You see it's the extent of the treachery that gets to me. It's like the Dutch boy has removed his finger from the hole in the dyke. The trickle becomes a flow, the water gushes forth, the hole expands, the dyke collapses.

There is a flood. We are overwhelmed. We drown.

I'm drowning now. In all the lies you told me. I can't even seem to get my head around them.

Was there even the slightest semblance of truth in all this mendacity?

Each lie, like a maggot in my belly, eating away at me. And truth, like methylated spirit, to kill each maggot. But oh, does it sting. Each maggot killed feels like a tearing, a severance.
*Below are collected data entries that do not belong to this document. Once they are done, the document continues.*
text \<open>Write \<open>\<sigma> = 2 s \<mu>\<close> and \<open>\<pi> = q \<nu>\<close>, where \<open>s\<close> is the chosen square root of \<open>q\<close>, so that
  \<open>C\<^sub>\<mu>\<^sub>\<nu>\<close> is spanned by \<open>a - d + \<sigma> b\<close> and \<open>\<pi> b + c\<close>, and let \<open>\<beta>, \<beta>'\<close> be the roots of
  \<open>X\<^sup>2 - \<sigma> X + \<pi>\<close>.  For \<open>y\<^sub>B = d - B b\<close> the relations of \<open>SL\<^sub>q(2)\<close> show that left
  multiplication by \<open>y\<^sub>B\<close> maps the ideal belonging to the roots \<open>(B/q, B' q)\<close> into the one
  belonging to \<open>(B, B')\<close>, and that \<open>y\<^sub>B\<close> is invertible and group-like modulo these ideals; so it
  induces an isomorphism of coalgebras and of right \<open>\<A>\<close>-modules between the quotients.
  Iterating replaces \<open>(\<beta>, \<beta>')\<close> by \<open>(\<beta> q\<^sup>-\<^sup>n, \<beta>' q\<^sup>n)\<close>; for \<open>q = e\<^sup>i\<^sup>\<phi>\<close> and
  \<open>\<beta>, \<beta>' = s \<surd>\<nu> e\<^sup>\<plusminus>\<^sup>i\<^sup>\<psi>\<close> this is the rotation \<open>\<psi> \<mapsto> \<psi> + n \<phi>\<close> of part (ii).  The rescaling
  \<open>b \<mapsto> t b\<close>, \<open>c \<mapsto> t\<^sup>-\<^sup>1 c\<close> is a coalgebra automorphism of the free algebra taking \<open>(\<sigma>, \<pi>)\<close>
  to \<open>(t \<sigma>, t\<^sup>2 \<pi>)\<close>; together with the rotations it identifies all members of the special
  series.  Finally, if \<open>\<beta> q\<^sup>-\<^sup>n \<noteq> \<beta>' q\<^sup>n\<close> for all \<open>n\<close>, the generators act on \<open>\<complex>[t, t\<^sup>-\<^sup>1]\<close> by
  tridiagonal matrices that satisfy the relations and kill \<open>C\<^sub>\<mu>\<^sub>\<nu>\<close>; the orbit map of \<open>t\<^sup>0\<close>
  has kernel exactly \<open>C\<^sub>\<mu>\<^sub>\<nu>\<A>\<close> and is a coalgebra isomorphism onto the Laurent coalgebra.
  The condition holds when \<open>\<mu>\<^sup>2 > \<nu>\<close> and off the special series.\<close>

section \<open>Finitely supported functions and linear maps\<close>

lemmas fun_apply_simps = plus_fun_apply zero_fun_apply minus_apply uminus_apply fsc_def
declare plus_fun_apply[simp del] zero_fun_apply[simp del] minus_apply[simp del] uminus_apply[simp del]

definition supp :: "('a \<Rightarrow> complex) \<Rightarrow> 'a set" where "supp f = {x. f x \<noteq> 0}"
definition pmon :: "'a \<Rightarrow> 'a \<Rightarrow> complex" where "pmon x = (\<lambda>u. if u = x then 1 else 0)"

lemma wmon_pmon: "wmon = pmon" by (simp add: wmon_def pmon_def fun_eq_iff)

lemma fsc_apply: "fsc c f x = c * f x" by (simp add: fsc_def)
lemma fsc_add: "fsc c (f + g) = fsc c f + fsc c g" by (simp add: fun_eq_iff algebra_simps fun_apply_simps)
lemma fsc_diff: "fsc c (f - g) = fsc c f - fsc c g" by (simp add: fun_eq_iff algebra_simps fun_apply_simps)
lemma fsc_plus: "fsc (c + d) f = fsc c f + fsc d f" by (simp add: fun_eq_iff algebra_simps fun_apply_simps)
lemma fsc_fsc: "fsc c (fsc d f) = fsc (c * d) f" by (simp add: fun_eq_iff fun_apply_simps)
lemma fsc_minus1: "fsc (-1) f = - f" by (simp add: fun_eq_iff fun_apply_simps)
lemma fsc_zero[simp]: "fsc c 0 = 0" by (simp add: fun_eq_iff fun_apply_simps)
lemma fsc_0[simp]: "fsc 0 f = 0" by (simp add: fun_eq_iff fun_apply_simps)
lemma fsc_1[simp]: "fsc 1 f = f" by (simp add: fun_eq_iff fun_apply_simps)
I was cuddling my maggots, they took refuge inside me, my bastard children.

Lies, like tumours.

Lies, like festering sores.

Lies, like that look in your eyes.

I just don't understand why you would make all this effort. I'm not worth it. Really. And now, you're on the phone harrassing me. Constantly. Now that I don't want to speak to you.

You don't know, do you? You don't know just how much I know. And who told me. And how you now appear, a dimunitive figure, just sad and ridiculous.

Evil is, as it ever was, privative.

A lack of something.

A hole in the air.

An absence.

You shrink in front of my eyes. You become less and less. You turn to shadow.

While I keep vomitting maggots.

Monday, August 25, 2008

The Sith Lord

He comes into the room and rubs his hands together. Affecting evil. Except that it is no affectation. He actually IS evil.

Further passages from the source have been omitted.